While promising, the high base-wise performance of raw HelixerBW predictions does not necessarily imply that the performance is maintained through postprocessing. Therefore, we additionally computed the F1 for the phases (phase F1) (Supplementary Figs. 9–13 and Supplementary Table 5), the F1 for the subgenic classes (subgenic F1) (Supplementary Table 6) and the F1 for the genic classes (genic F1) (Supplementary Table 7) scores for the final gene models output by HelixerPost on the selected test species. Importantly, we see that predictions postprocessed via HelixerPost have very similar performance to the HelixerBW predictions, with a slight increase in 43 of 45 test species.

Additionally, we inferred gene models using two existing HMM tools, GeneMark-ES and—where trained models were available for the test species or a closely related species—AUGUSTUS. GeneMark-ES was used without repeat masking, while AUGUSTUS was used both with and without repeat masking.

The phase F1 of HelixerPost (Table 1 and Supplementary Table 5) was notably higher than GeneMark-ES and Augustus across both plants and vertebrates and still somewhat higher for invertebrates generally, although not for all species. All three tools showed similar performance for fungi, with HelixerPost having a slight margin of 0.007 overall. Similar patterns were found with subgenic and genic F1 metrics (Supplementary Figs. 14 and 15 and Supplementary Tables 6 and 7).

Table 1 Base-wise phase F1 statistics for test species, summarized as the mean value per group

Moving from base-wise to feature- or protein-level evaluation, we found lower absolute precision, recall and F1 scores (Fig. 1, Table 2, Extended Data Fig. 1, Supplementary Fig. 16 and Supplementary Tables 8–11). Helixer scored highest for plants and vertebrates, but both HMM tools gained an edge in fungi. Helixer maintained a small advantage in invertebrates overall, although AUGUSTUS and GeneMark-ES were again strongest in some species. Overall, the gene precision and recall scores were lower for every tool than the exon scores, which is expected for the harder task. For most species, Helixer tends to have a higher recall score than precision.

**Fig. 1: Exon precision and recall comparison.**

Table 2 Feature F1 statistics for test species at the exon, intron, intron chain and transcript levels, summarized as the mean value per group and level

When comparing Helixer and AUGUSTUS with softmasking enabled, Helixer outperforms AUGUSTUS in exon F1 score for 9 species, gene F1 score for 10 species and intron F1 score for 8 species out of a total of 16 tested (Supplementary Fig. 17 and Supplementary Tables 8–11).

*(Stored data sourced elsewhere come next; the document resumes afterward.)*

lemma spray_cong: "x \<in> U \<Longrightarrow> y \<noteq> 0 \<Longrightarrow> eq_on_T0 U f g \<Longrightarrow> spray F f x y = spray F g x y"
  unfolding spray_def dx_eq_dderiv dy_eq_dderiv using dderiv_cong[OF open_U] by simp

lemma homogeneous_F: "homogeneous_T0 U 1 F"
  using finsler by (simp add: finsler_def homogeneous_T0_def)

lemma homogeneous_F2: "homogeneous_T0 U 2 (\<lambda>x y. (F x y)\<^sup>2)"
  using finsler by (simp add: finsler_def homogeneous_T0_def power_mult_distrib)

lemma euler_dy_F2:
  "x \<in> U \<Longrightarrow> y \<noteq> 0 \<Longrightarrow>
     (\<Sum>l\<in>UNIV. y $ l * dy l (dy k (\<lambda>x y. (F x y)\<^sup>2)) x y) = dy k (\<lambda>x y. (F x y)\<^sup>2) x y"
  using euler_homogeneous[OF open_U smooth_T0_dy[OF smooth_F2]
      homogeneous_dy[OF open_U smooth_F2 homogeneous_F2]]
  by simp

lemma euler_dx_F2:
  "x \<in> U \<Longrightarrow> y \<noteq> 0 \<Longrightarrow>
     (\<Sum>l\<in>UNIV. y $ l * dy l (dx m (\<lambda>x y. (F x y)\<^sup>2)) x y) = 2 * dx m (\<lambda>x y. (F x y)\<^sup>2) x y"
  using euler_homogeneous[OF open_U smooth_T0_dx[OF smooth_F2]
      homogeneous_dx[OF open_U smooth_F2 homogeneous_F2]]
  by simp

The completeness of predicted proteomes²⁷ was quantified for the reference annotation and the three prediction tools (Extended Data Table 1, Supplementary Figs. 18–22 and Supplementary Table 12).

The reference annotations generally had the highest performance (39 of 45 species), which is unsurprising since they typically benefit from additional data sources and manual curation. The results of the prediction tools were broadly similar to the base-wise and feature assessments above, with HelixerPost leading strongly within plants and vertebrates, where it even approached the result of the reference. Invertebrates again varied by species, with Helixer leading by a smaller margin overall but GeneMark-ES performing best on several species. Fungi was the most competitive clade, with Helixer leading by a small margin, and interestingly all tools outperformed the reference.

Interestingly, the three invertebrates where HelixerPost scored behind GeneMark-ES in phase F1 and Benchmarking Universal Single-Copy Orthologs (BUSCO) count had the overall lowest BUSCO count in the reference annotations. This hints at larger challenges related to annotating these genomes, be it exceptional divergence or simply a paucity of well-annotated genomes in close phylogenetic proximity to use either for training or for the homology mapping step of an annotation pipeline. However, it may also simply reflect that the invertebrate prediction models are less optimized.

Comparison with Tiberius

To compare Helixer to Tiberius, we trained a model focused on the mammalian clade. We used the three test species Homo sapiens, Bos taurus and Delphinapterus leucas. Even though we could improve Helixers prediction quality compared to our vertebrate model, Tiberius still outperforms Helixer (Fig. 2 and Supplementary Table 13). Especially gene recall and precision is consistently 20% higher. Regarding exon recall, Helixer and Tiberius are almost on par, with Tiberius still taking the lead. For exon precision Helixer shows 10–15% lower values. While we acknowledge that Tiberius outperforms Helixer in the Mammalia clade, we offer a more phylogenetically diverse range of models, especially for the often-underrepresented plant species.

**Fig. 2: Precision and recall comparison.**

Ablation analyses

To validate the importance of major changes made during development, we performed an ablation analysis by individually excluding each of the major changes, training a new model, then predicting and comparing prediction quality to the final model (Supplementary Fig. 23).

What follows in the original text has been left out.